Барон Рэдалф все еще правит в Бэннингфорде и также в Хафстоне. Я выяснил, что леди, чье имя навсегда хранит твое сердце, остается до сих пор в башне, заточенная в своей комнате по приказу отца. Большего мне узнать не удалось, потому что, хотя земли Рэдалфа расположены не слишком далеко от Святого Юстина, но полностью изолированы и тем самым недоступны для соседей. Рэдалф почти не принимает гостей, жена его никогда не покидает замка. Люди, живущие на его землях, с чужаками не разговаривают. Каким-то образом, несмотря на все ужасы войны и перемены власти, Рэдалфу удалось сохранить свою независимость и, пожалуй, стать даже сильнее, укрепившись как на своих землях, так и на граничащих с ними, принадлежавших ранее Криспину».
Эмброуз заканчивал письмо прочувствованной молитвой о благополучии своих друзей в Палермо, особенно Элана, Пирса, Йоланды, Самиры и Георгия Антиохийского.
Не желая отягощать Пирса своими заботами, Элан не показал ему это письмо и не вспоминал Англию. Йоланда поправилась, разродившись очередным мертворожденным ребенком, и Пирс был очень встревожен состоянием ее здоровья. Да он и сам болел: воспалилась рана, полученная в сражении.

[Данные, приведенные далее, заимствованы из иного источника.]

lemma is_Fq_char_nondegenerate:
  fixes \<chi> :: "'r::{finite,comm_ring_1} \<Rightarrow> complex"
  assumes "is_Fq_char \<chi>"
  shows "nondegenerate_character \<chi>"
proof -
  obtain p f :: nat and l :: 'r where p: "prime p" and "f \<ge> 1"
    and card: "card (UNIV :: 'r set) = p ^ f" and field: "\<forall>x::'r. x \<noteq> 0 \<longrightarrow> (\<exists>y. x * y = 1)"
    and char: "(of_nat p :: 'r) = 0" and "primitive_elem l"
    and chi: "\<And>c \<alpha>. (\<forall>i<f. c i < p) \<Longrightarrow> \<alpha> = (\<Sum>i<f. of_nat (c i) * l ^ i) \<Longrightarrow>
       \<chi> \<alpha> = exp (2 * pi * \<i> * of_nat (c 0) / of_nat p)"
    using assms unfolding is_Fq_char_def by blast
  have "CHAR('r) = p"
    using CHAR_prime_power_card[OF p \<open>f \<ge> 1\<close> card char] .
  then have digits: "\<exists>c. (\<forall>i<f. c i < p) \<and> a = (\<Sum>i<f. of_nat (c i) * l ^ i)" for a
    using digit_expansion_exists[of f l a] p card \<open>primitive_elem l\<close> by simp
  have "p \<ge> 2"
    using p by (rule prime_ge_2_nat)
  show ?thesis
  proof
    fix a b :: 'r
    obtain c d where c: "\<forall>i<f. c i < p" "a = (\<Sum>i<f. of_nat (c i) * l ^ i)"
      and d: "\<forall>i<f. d i < p" "b = (\<Sum>i<f. of_nat (d i) * l ^ i)"
      using digits by meson
    have "a + b = (\<Sum>i<f. of_nat ((c i + d i) mod p) * l ^ i)"
      by (simp add: c(2) d(2) of_nat_mod_char[OF char] distrib_right sum.distrib)
    then have "\<chi> (a + b) = exp (2 * pi * \<i> * of_nat ((c 0 + d 0) mod p) / of_nat p)"
      using \<open>p \<ge> 2\<close> by (intro chi) auto
    then show "\<chi> (a + b) = \<chi> a * \<chi> b"
      using chi[OF c] chi[OF d] by (simp del: of_nat_add add: exp_2pi_i_div_mod exp_2pi_i_div_add)
  next
    have "(0::'r) = (\<Sum>i<f. of_nat 0 * l ^ i)"
      by simp
    then show "\<chi> 0 = 1"
      using \<open>p \<ge> 2\<close> chi[of "\<lambda>_. 0"] by simp
  next
    fix t :: 'r assume "t \<noteq> 0"
    then obtain y where "y * t = 1"
      using field by (metis mult.commute)
    define c :: "nat \<Rightarrow> nat" where "c i = (if i = 0 then 1 else 0)" for i
    have "(\<Sum>i<f. of_nat (c i) * l ^ i) = (\<Sum>i<f. if i = 0 then 1 else (0::'r))"
      by (rule sum.cong) (auto simp: c_def)
    then have "(1::'r) = (\<Sum>i<f. of_nat (c i) * l ^ i)"
      using \<open>f \<ge> 1\<close> by simp
    moreover have "\<forall>i<f. c i < p"
      using \<open>p \<ge> 2\<close> by (simp add: c_def)
    ultimately have "\<chi> 1 = exp (2 * pi * \<i> * of_nat (c 0) / of_nat p)"
      by (rule chi[rotated])
    then have "\<chi> 1 = exp (2 * pi * \<i> * of_nat 1 / of_nat p)"
      by (simp add: c_def)
    then have "\<chi> (y * t) \<noteq> 1"
      using exp_2pi_i_div_neq_1[of 1 p] \<open>p \<ge> 2\<close> \<open>y * t = 1\<close> by simp
    then show "\<exists>b. \<chi> (b * t) \<noteq> 1"
      by blast
  qed
qed

section \<open>Coordinate permutations and the averaged enumerator\<close>

lemma comp_permutes_in_vecs_iff:
  assumes "\<sigma> permutes {..<n}"
  shows "u \<circ> \<sigma> \<in> vecs n \<longleftrightarrow> u \<in> vecs n"
  using permutes_not_in[OF assms] by (simp add: vecs_def)

lemma mem_perm_code_iff:
  assumes "\<sigma> permutes S"
  shows "u \<in> perm_code \<sigma> C \<longleftrightarrow> u \<circ> inv \<sigma> \<in> C"
proof
  assume "u \<in> perm_code \<sigma> C"
  then show "u \<circ> inv \<sigma> \<in> C"
    using permutes_inv_o(1)[OF assms] by (auto simp: perm_code_def o_assoc[symmetric])
next
  assume "u \<circ> inv \<sigma> \<in> C"
  moreover have "u = u \<circ> inv \<sigma> \<circ> \<sigma>"
    using permutes_inv_o(2)[OF assms] by (simp add: comp_assoc)
  ultimately show "u \<in> perm_code \<sigma> C"
    unfolding perm_code_def by blast
qed

lemma linear_code_perm_code:
  assumes \<sigma>: "\<sigma> permutes {..<n}" and C: "linear_code n C"
  shows "linear_code n (perm_code \<sigma> C)"
proof -
  have inv: "inv \<sigma> permutes {..<n}"
    using \<sigma> by (rule permutes_inv)
  have "perm_code \<sigma> C \<subseteq> vecs n"
  proof
    fix u assume "u \<in> perm_code \<sigma> C"
    then have "u \<circ> inv \<sigma> \<in> vecs n"
      using C by (auto simp: mem_perm_code_iff[OF \<sigma>] linear_code_def)
    then show "u \<in> vecs n"
      by (simp add: comp_permutes_in_vecs_iff[OF inv])
  qed
  then show ?thesis
    using C unfolding linear_code_def by (simp add: mem_perm_code_iff[OF \<sigma>] o_def)
qed

lemma card_perm_code:
  assumes "\<sigma> permutes S"
  shows "card (perm_code \<sigma> (C :: (nat \<Rightarrow> 'a) set)) = card C"
  unfolding perm_code_def
proof (rule card_image, rule inj_onI)
  fix u v :: "nat \<Rightarrow> 'a"
  assume "u \<circ> \<sigma> = v \<circ> \<sigma>"
  then have "u \<circ> \<sigma> \<circ> inv \<sigma> = v \<circ> \<sigma> \<circ> inv \<sigma>"
    by simp
  then show "u = v"
    using permutes_inv_o(1)[OF assms] by (simp add: comp_assoc)
qed

lemma inner_comp_permutes:
  assumes "\<sigma> permutes {..<n}"
  shows "inner n (u \<circ> \<sigma>) v = inner n u (v \<circ> inv \<sigma>)"
  unfolding inner_def
  using sum.permute[OF assms, of "\<lambda>i. u i * v (inv \<sigma> i)"]
  by (simp add: permutes_inverses(2)[OF assms])

lemma dual_perm_code:
  assumes \<sigma>: "\<sigma> permutes {..<n}"
  shows "dual n (perm_code \<sigma> C) = perm_code \<sigma> (dual n C)"
proof -
  have inv: "inv \<sigma> permutes {..<n}"
    using \<sigma> by (rule permutes_inv)
  have "(\<forall>u\<in>perm_code \<sigma> C. inner n u v = 0) \<longleftrightarrow> (\<forall>w\<in>C. inner n w (v \<circ> inv \<sigma>) = 0)" for v
    by (simp add: perm_code_def inner_comp_permutes[OF \<sigma>])
  then show ?thesis
    by (auto simp: dual_def mem_perm_code_iff[OF \<sigma>] comp_permutes_in_vecs_iff[OF inv])
qed

theorem mainTheorem2:
  fixes \<chi> :: "'r::{finite,comm_ring_1} \<Rightarrow> complex"
    and n :: nat
    and C D :: "(nat \<Rightarrow> 'r) set"
    and dC dD :: bool
  assumes "is_Zk_char \<chi> \<or> is_Fq_char \<chi>"
    and "linear_code n C"
    and "linear_code n D"
  shows "\<forall>x. CJav n (if dC then dual n C else C) (if dD then dual n D else D) x =
           (1 / of_nat (card C ^ delta dC * card D ^ delta dD)) *
           CJav n C D (tsubst (T_pow \<chi> dC) (T_pow \<chi> dD) x)"
proof
  fix x
  interpret nondegenerate_character \<chi>
    using assms(1) is_Zk_char_nondegenerate is_Fq_char_nondegenerate by blast
  let ?N = "of_nat (card C ^ delta dC * card D ^ delta dD) :: complex"
  have "?N \<noteq> 0"
    using linear_code_card_pos[OF assms(2)] linear_code_card_pos[OF assms(3)] by simp
  have "CJE n (perm_code \<sigma> (if dC then dual n C else C)) (if dD then dual n D else D) x =
      1 / ?N * CJE n (perm_code \<sigma> C) D (tsubst (T_pow \<chi> dC) (T_pow \<chi> dD) x)"
    if \<sigma>: "\<sigma> permutes {..<n}" for \<sigma>
    using CJE_MacWilliams[OF linear_code_perm_code[OF \<sigma> assms(2)] assms(3), of dC dD x] \<open>?N \<noteq> 0\<close>
    by (simp add: card_perm_code[OF \<sigma>] dual_perm_code[OF \<sigma>] if_distrib[of "perm_code \<sigma>"])
  then show "CJav n (if dC then dual n C else C) (if dD then dual n D else D) x =
      1 / ?N * CJav n C D (tsubst (T_pow \<chi> dC) (T_pow \<chi> dD) x)"
    by (simp add: CJav_def sum_distrib_left mult_ac)
qed

end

В это лето, находясь в море, Элан часто думал о возвращении в Англию. Джоанна, заключенная отцом в башню, взывала к любимому чуть ли не с другого края света. В его памяти образ ее слегка потускнел за годы, прошедшие со времени их последней встречи, но он собирался выполнить свою клятву и вернуться к возлюбленной. Элан набрался отваги и предложил Рожеру отправить его с посольской миссией в Англию.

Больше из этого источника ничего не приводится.